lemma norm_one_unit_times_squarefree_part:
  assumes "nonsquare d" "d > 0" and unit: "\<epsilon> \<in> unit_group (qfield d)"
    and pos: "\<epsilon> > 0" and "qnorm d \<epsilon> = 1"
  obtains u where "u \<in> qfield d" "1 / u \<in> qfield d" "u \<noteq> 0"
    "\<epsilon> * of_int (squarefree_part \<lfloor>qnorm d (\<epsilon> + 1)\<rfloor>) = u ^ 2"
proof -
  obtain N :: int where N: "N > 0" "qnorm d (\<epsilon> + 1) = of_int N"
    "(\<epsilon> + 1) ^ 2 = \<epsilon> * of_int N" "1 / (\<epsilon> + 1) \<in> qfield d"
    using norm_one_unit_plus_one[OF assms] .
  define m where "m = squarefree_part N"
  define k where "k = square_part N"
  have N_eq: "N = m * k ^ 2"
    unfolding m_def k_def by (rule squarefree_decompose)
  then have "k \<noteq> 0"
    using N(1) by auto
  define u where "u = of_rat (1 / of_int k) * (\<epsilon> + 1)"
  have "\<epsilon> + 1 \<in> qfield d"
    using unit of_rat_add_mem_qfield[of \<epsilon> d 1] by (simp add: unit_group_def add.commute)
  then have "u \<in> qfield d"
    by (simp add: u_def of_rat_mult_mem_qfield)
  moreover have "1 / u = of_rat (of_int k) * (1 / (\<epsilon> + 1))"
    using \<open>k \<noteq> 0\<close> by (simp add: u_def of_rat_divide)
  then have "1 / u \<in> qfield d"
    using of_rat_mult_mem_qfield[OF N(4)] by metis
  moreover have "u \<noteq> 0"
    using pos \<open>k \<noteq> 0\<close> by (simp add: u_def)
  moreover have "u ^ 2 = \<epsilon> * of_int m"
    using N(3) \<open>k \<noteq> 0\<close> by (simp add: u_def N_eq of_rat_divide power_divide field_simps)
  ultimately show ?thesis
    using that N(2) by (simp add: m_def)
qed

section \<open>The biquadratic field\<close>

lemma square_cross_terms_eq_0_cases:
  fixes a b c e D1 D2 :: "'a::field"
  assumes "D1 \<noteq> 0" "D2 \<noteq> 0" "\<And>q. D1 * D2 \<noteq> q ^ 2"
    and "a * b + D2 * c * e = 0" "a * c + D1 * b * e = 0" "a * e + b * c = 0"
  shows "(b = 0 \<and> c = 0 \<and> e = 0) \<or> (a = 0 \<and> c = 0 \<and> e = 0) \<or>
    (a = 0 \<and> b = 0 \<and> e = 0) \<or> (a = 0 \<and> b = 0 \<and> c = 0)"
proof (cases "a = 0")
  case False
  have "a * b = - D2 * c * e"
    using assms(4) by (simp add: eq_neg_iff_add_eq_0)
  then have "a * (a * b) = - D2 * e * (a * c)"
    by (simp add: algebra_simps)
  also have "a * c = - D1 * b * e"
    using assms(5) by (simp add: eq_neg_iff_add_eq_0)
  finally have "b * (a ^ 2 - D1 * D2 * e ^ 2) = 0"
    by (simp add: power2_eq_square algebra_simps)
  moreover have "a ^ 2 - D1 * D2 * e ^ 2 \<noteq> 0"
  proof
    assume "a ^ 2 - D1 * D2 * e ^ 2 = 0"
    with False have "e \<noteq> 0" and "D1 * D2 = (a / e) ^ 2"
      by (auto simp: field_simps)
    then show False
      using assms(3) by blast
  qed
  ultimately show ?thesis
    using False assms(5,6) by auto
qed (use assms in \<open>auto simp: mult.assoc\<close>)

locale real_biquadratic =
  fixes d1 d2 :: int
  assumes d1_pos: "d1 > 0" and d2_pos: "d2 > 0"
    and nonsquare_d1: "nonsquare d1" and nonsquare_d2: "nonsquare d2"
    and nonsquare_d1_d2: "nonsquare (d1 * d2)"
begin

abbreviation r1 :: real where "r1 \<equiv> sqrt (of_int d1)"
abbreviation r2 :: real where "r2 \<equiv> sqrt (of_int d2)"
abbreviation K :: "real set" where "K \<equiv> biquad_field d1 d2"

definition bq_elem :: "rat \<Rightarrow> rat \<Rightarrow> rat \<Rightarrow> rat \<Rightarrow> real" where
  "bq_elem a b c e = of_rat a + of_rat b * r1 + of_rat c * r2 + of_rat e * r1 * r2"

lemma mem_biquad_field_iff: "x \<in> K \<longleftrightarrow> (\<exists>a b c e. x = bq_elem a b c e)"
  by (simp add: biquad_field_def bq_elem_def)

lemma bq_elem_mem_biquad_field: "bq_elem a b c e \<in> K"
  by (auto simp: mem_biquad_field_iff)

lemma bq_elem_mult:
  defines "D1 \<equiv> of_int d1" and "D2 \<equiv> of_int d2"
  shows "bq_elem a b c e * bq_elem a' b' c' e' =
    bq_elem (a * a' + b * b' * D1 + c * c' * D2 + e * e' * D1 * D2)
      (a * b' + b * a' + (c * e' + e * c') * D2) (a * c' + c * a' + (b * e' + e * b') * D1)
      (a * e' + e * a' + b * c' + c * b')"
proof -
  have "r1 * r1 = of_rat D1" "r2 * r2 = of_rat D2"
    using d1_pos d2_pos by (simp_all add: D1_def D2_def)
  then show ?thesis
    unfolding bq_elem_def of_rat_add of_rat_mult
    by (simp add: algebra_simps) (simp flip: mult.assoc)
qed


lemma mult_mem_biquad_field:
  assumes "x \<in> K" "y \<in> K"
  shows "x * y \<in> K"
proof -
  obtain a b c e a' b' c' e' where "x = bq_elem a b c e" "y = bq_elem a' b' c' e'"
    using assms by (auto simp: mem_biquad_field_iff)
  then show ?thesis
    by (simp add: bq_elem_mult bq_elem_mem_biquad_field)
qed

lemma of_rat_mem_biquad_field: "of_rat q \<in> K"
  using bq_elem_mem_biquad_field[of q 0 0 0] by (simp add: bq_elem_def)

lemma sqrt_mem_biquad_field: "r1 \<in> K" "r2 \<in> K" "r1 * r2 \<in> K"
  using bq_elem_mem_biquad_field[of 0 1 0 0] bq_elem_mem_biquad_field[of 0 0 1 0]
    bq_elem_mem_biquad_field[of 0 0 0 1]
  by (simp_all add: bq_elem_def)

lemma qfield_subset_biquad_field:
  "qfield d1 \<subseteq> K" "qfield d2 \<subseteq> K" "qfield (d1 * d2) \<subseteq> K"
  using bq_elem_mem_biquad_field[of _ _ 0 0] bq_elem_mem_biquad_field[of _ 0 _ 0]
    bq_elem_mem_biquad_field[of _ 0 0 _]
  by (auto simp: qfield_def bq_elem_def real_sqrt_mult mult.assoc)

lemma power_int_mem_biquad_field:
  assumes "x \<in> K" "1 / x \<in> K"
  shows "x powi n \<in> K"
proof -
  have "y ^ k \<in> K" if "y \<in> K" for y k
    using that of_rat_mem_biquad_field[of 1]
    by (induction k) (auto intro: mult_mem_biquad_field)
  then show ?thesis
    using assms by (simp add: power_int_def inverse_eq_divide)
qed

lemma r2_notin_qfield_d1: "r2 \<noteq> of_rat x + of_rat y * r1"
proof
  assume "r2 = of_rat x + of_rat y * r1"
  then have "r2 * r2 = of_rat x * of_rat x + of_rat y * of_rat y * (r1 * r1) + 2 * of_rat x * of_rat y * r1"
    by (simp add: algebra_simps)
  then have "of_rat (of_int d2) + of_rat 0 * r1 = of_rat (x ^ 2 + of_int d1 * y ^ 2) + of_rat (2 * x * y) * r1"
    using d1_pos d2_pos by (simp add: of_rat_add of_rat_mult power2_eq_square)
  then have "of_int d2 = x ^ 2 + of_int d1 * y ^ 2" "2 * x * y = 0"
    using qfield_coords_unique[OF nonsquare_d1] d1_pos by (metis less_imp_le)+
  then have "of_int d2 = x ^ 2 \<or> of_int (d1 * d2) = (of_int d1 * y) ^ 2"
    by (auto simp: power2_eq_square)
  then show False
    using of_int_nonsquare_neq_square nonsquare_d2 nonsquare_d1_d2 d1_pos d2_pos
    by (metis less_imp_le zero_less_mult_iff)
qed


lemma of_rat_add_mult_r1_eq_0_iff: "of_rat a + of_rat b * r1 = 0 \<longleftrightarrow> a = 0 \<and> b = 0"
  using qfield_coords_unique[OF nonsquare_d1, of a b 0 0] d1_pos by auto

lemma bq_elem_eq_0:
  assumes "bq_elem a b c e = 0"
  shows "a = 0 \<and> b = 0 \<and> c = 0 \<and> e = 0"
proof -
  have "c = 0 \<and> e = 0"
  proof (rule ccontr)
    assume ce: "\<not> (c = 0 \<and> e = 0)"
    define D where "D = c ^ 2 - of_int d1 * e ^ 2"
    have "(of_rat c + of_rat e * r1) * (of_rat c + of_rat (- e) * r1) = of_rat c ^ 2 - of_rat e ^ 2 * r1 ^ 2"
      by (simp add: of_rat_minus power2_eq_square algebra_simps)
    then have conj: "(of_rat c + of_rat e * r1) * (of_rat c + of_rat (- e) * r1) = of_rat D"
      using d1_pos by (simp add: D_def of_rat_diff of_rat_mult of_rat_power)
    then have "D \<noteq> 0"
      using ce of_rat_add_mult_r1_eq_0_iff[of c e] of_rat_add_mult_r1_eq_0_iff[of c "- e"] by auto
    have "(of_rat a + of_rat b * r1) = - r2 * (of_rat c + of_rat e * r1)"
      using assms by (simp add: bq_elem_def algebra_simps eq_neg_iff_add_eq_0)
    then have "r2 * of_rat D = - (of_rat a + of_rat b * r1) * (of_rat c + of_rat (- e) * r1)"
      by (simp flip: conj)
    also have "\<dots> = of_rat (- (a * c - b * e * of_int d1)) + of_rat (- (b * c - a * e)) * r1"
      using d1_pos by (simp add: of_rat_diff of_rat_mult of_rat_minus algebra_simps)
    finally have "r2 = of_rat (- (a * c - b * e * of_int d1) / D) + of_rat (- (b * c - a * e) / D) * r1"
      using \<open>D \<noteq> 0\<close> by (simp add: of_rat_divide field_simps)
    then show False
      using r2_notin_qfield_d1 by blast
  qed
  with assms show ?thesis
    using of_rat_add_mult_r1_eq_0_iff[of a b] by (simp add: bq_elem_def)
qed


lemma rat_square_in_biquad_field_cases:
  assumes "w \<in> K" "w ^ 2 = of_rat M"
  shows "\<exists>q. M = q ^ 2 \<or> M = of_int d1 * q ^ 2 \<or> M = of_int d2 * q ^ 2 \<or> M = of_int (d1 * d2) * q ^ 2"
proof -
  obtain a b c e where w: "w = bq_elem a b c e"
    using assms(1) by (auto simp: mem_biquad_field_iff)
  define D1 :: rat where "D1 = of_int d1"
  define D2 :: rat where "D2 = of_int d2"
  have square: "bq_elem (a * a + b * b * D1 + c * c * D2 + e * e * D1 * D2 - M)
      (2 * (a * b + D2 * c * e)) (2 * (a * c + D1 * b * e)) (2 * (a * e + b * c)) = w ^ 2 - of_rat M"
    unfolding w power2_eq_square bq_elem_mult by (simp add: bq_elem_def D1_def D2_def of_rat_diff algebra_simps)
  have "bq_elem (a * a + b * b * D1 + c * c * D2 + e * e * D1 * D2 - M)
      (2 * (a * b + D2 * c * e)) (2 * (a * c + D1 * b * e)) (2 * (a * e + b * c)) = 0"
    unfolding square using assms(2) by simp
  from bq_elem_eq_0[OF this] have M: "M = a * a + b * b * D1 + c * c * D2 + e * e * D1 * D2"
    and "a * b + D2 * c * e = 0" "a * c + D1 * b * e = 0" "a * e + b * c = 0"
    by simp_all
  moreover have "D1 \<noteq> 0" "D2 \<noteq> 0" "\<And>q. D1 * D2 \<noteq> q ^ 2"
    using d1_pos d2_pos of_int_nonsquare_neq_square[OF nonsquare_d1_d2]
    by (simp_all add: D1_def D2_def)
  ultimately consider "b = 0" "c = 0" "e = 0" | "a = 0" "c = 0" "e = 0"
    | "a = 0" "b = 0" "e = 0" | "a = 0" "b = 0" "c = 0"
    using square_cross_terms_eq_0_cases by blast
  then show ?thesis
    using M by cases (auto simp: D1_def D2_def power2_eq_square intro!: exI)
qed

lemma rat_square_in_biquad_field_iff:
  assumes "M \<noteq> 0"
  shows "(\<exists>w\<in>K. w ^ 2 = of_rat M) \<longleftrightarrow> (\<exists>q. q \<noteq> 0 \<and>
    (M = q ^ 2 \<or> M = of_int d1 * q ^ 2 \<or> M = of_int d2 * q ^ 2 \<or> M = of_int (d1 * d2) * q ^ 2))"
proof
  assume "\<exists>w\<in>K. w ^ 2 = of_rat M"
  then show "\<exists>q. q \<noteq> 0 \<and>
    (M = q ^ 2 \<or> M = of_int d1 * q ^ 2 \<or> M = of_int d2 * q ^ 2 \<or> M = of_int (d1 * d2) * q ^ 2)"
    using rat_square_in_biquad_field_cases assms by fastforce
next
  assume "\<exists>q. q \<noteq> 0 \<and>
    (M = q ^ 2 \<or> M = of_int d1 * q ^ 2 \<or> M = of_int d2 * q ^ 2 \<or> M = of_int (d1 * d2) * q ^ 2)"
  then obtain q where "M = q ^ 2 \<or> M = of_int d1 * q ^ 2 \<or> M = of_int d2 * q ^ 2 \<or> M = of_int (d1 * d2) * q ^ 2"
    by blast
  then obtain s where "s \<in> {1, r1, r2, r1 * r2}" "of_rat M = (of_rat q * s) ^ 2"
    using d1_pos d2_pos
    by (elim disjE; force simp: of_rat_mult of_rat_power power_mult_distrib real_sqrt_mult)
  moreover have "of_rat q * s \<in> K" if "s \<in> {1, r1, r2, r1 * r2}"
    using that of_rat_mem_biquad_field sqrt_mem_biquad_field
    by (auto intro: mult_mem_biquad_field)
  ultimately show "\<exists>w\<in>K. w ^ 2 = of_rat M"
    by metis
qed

--------

▸ Problem
Begin with the line above that has "using qfield_coords_unique[OF nonsquare_d1, of" and continue through the line that has "of_int d1) /", setting each one down exactly. Stop there.

▸ Answer for the task
  using qfield_coords_unique[OF nonsquare_d1, of a b 0 0] d1_pos by auto

lemma bq_elem_eq_0:
  assumes "bq_elem a b c e = 0"
  shows "a = 0 \<and> b = 0 \<and> c = 0 \<and> e = 0"
proof -
  have "c = 0 \<and> e = 0"
  proof (rule ccontr)
    assume ce: "\<not> (c = 0 \<and> e = 0)"
    define D where "D = c ^ 2 - of_int d1 * e ^ 2"
    have "(of_rat c + of_rat e * r1) * (of_rat c + of_rat (- e) * r1) = of_rat c ^ 2 - of_rat e ^ 2 * r1 ^ 2"
      by (simp add: of_rat_minus power2_eq_square algebra_simps)
    then have conj: "(of_rat c + of_rat e * r1) * (of_rat c + of_rat (- e) * r1) = of_rat D"
      using d1_pos by (simp add: D_def of_rat_diff of_rat_mult of_rat_power)
    then have "D \<noteq> 0"
      using ce of_rat_add_mult_r1_eq_0_iff[of c e] of_rat_add_mult_r1_eq_0_iff[of c "- e"] by auto
    have "(of_rat a + of_rat b * r1) = - r2 * (of_rat c + of_rat e * r1)"
      using assms by (simp add: bq_elem_def algebra_simps eq_neg_iff_add_eq_0)
    then have "r2 * of_rat D = - (of_rat a + of_rat b * r1) * (of_rat c + of_rat (- e) * r1)"
      by (simp flip: conj)
    also have "\<dots> = of_rat (- (a * c - b * e * of_int d1)) + of_rat (- (b * c - a * e)) * r1"
      using d1_pos by (simp add: of_rat_diff of_rat_mult of_rat_minus algebra_simps)
    finally have "r2 = of_rat (- (a * c - b * e * of_int d1) / D) + of_rat (- (b * c - a * e) / D) * r1"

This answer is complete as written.